17. The method of claim 16,
The user terminal further comprising an editing unit for editing the received avatar content using an authoring tool.

18. The method of claim 17,
The editing unit adjusts the viewpoint of the camera work with respect to the avatar content, applies additional animation effects to the avatar, adjusts the sync of the sound source to the avatar content, applies and changes stage effects, applies special effects to the avatar, screen Editing at least one of applying and changing the filter, the user terminal.

17. The method of claim 16,
Further comprising an input unit for receiving sound source information to be included in the image,
The transmitter transmits the input sound source information to the content providing server,
The receiving unit receives the recommended avatar selected based on the sound source information from the content providing server, the user terminal.

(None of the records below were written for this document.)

(* Let $p$ be an odd prime and $\alpha$ an indeterminate over $\mathbb F_p$. The coefficients of the polynomial \[ G^{(\alpha)}(X)=-\sum_{k=1}^{p-1}\frac{1}{k}\,\frac{X^{k}}{\prod_{s=1}^{k-1}b_{1,s}(\alpha)}\in\mathbb F_p(\alpha)[X] \] (empty product equal to $1$) belong to the subring $\mathbb F_p[\alpha,(\alpha^{p-1}-1)^{-1}]$ of $\mathbb F_p(\alpha)$.
   Context: $\mathbb F_p$ is the field of $p$ elements, $\binom{x}{m}=x(x-1)\cdots(x-m+1)/m!$. For integers $0<r,s<p$ (interpreted as elements of $\mathbb F_p$), $b_{r,s}(\alpha)=\sum_{k=0}^{p-1}(-r/s)^k\binom{r\alpha-1}{p-1-k}\binom{s\alpha-1}{k}\in\mathbb F_p[\alpha]$. *)

theory Defs
  imports "HOL-Computational_Algebra.Polynomial" "HOL-Computational_Algebra.Fraction_Field"
begin

text \<open>Binomial polynomial binom(x,m) = x(x-1)...(x-m+1)/m!, for x a polynomial over a field
  (used only for m < p = char, so m! is invertible).\<close>
definition pbinom :: "'a::field poly \<Rightarrow> nat \<Rightarrow> 'a poly" where
  "pbinom x m = smult (inverse (of_nat (fact m))) (\<Prod>i<m. x - of_nat i)"

definition alpha :: "'a::field poly" where
  "alpha = [:0, 1:]"

definition bpoly :: "nat \<Rightarrow> nat \<Rightarrow> nat \<Rightarrow> 'a::field poly" where
  "bpoly p r s = (\<Sum>k = 0..p-1.
      smult ((- (of_nat r / of_nat s)) ^ k)
        (pbinom (smult (of_nat r) alpha - 1) (p - 1 - k) * pbinom (smult (of_nat s) alpha - 1) k))"

definition emb :: "'a::field poly \<Rightarrow> 'a poly fract" where
  "emb f = Fract f 1"

definition Gpoly :: "nat \<Rightarrow> ('a::field poly fract) poly" where
  "Gpoly p = - (\<Sum>k = 1..p-1.
      monom (inverse (of_nat k) / (\<Prod>s = 1..k-1. emb (bpoly p 1 s))) k)"

definition loc_ring :: "nat \<Rightarrow> ('a::field poly fract) set" where
  "loc_ring p = {Fract f ((alpha ^ (p - 1) - 1) ^ n) | f n. True}"

end

(*
  Write b_s for b_{1,s}. Up to sign and the unit 1/k, the k-th coefficient of G is the inverse of
  b_1 \<cdots> b_{k-1}, so it suffices that every nonzero b_s divides alpha^{p-1} - 1.

  By its definition, b_s is the coefficient of X^{p-1} in the product of the truncated
  binomial series of (1 + X)^{alpha-1} and (1 - X/s)^{s alpha-1}. That product satisfies a
  first-order differential equation whose coefficient recurrence raises the degree in alpha by at
  most one every two steps, because (alpha - 1) - (s alpha - 1)/s is constant; hence
  deg b_s \<le> (p-1)/2. On the other hand, b_s vanishes at alpha = j whenever j + (s j mod p) \<le> p,
  since every term then contains a binomial coefficient binom(j - 1, m) or binom((s j mod p) - 1, k)
  with too large lower index, and the involution j \<mapsto> p - j shows that there are at least
  (p-1)/2 such j in {1..p-1}. So b_s has at least deg b_s distinct roots, all of them roots of
  alpha^{p-1} - 1, and therefore divides it.
*)
theory Submission
  imports Defs "HOL-Computational_Algebra.Formal_Power_Series" "HOL-Number_Theory.Cong"
begin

A server that provides avatar content based on motion data of an object, the server comprising:
receiving an image obtained by photographing an object and metadata necessary for generating the avatar content from a user terminal;
analyzing the image based on the received metadata;
extracting motion data of the object from each frame of the image based on the analyzed image;
analyzing whether at least a portion of the motion data is omitted for each frame based on the extracted motion data;
compensating for a frame in which at least a portion of the motion data is missing based on motion data of another frame or replacement animation; and
generating the avatar content by retargeting the extracted motion data to an avatar
Including, a content providing method.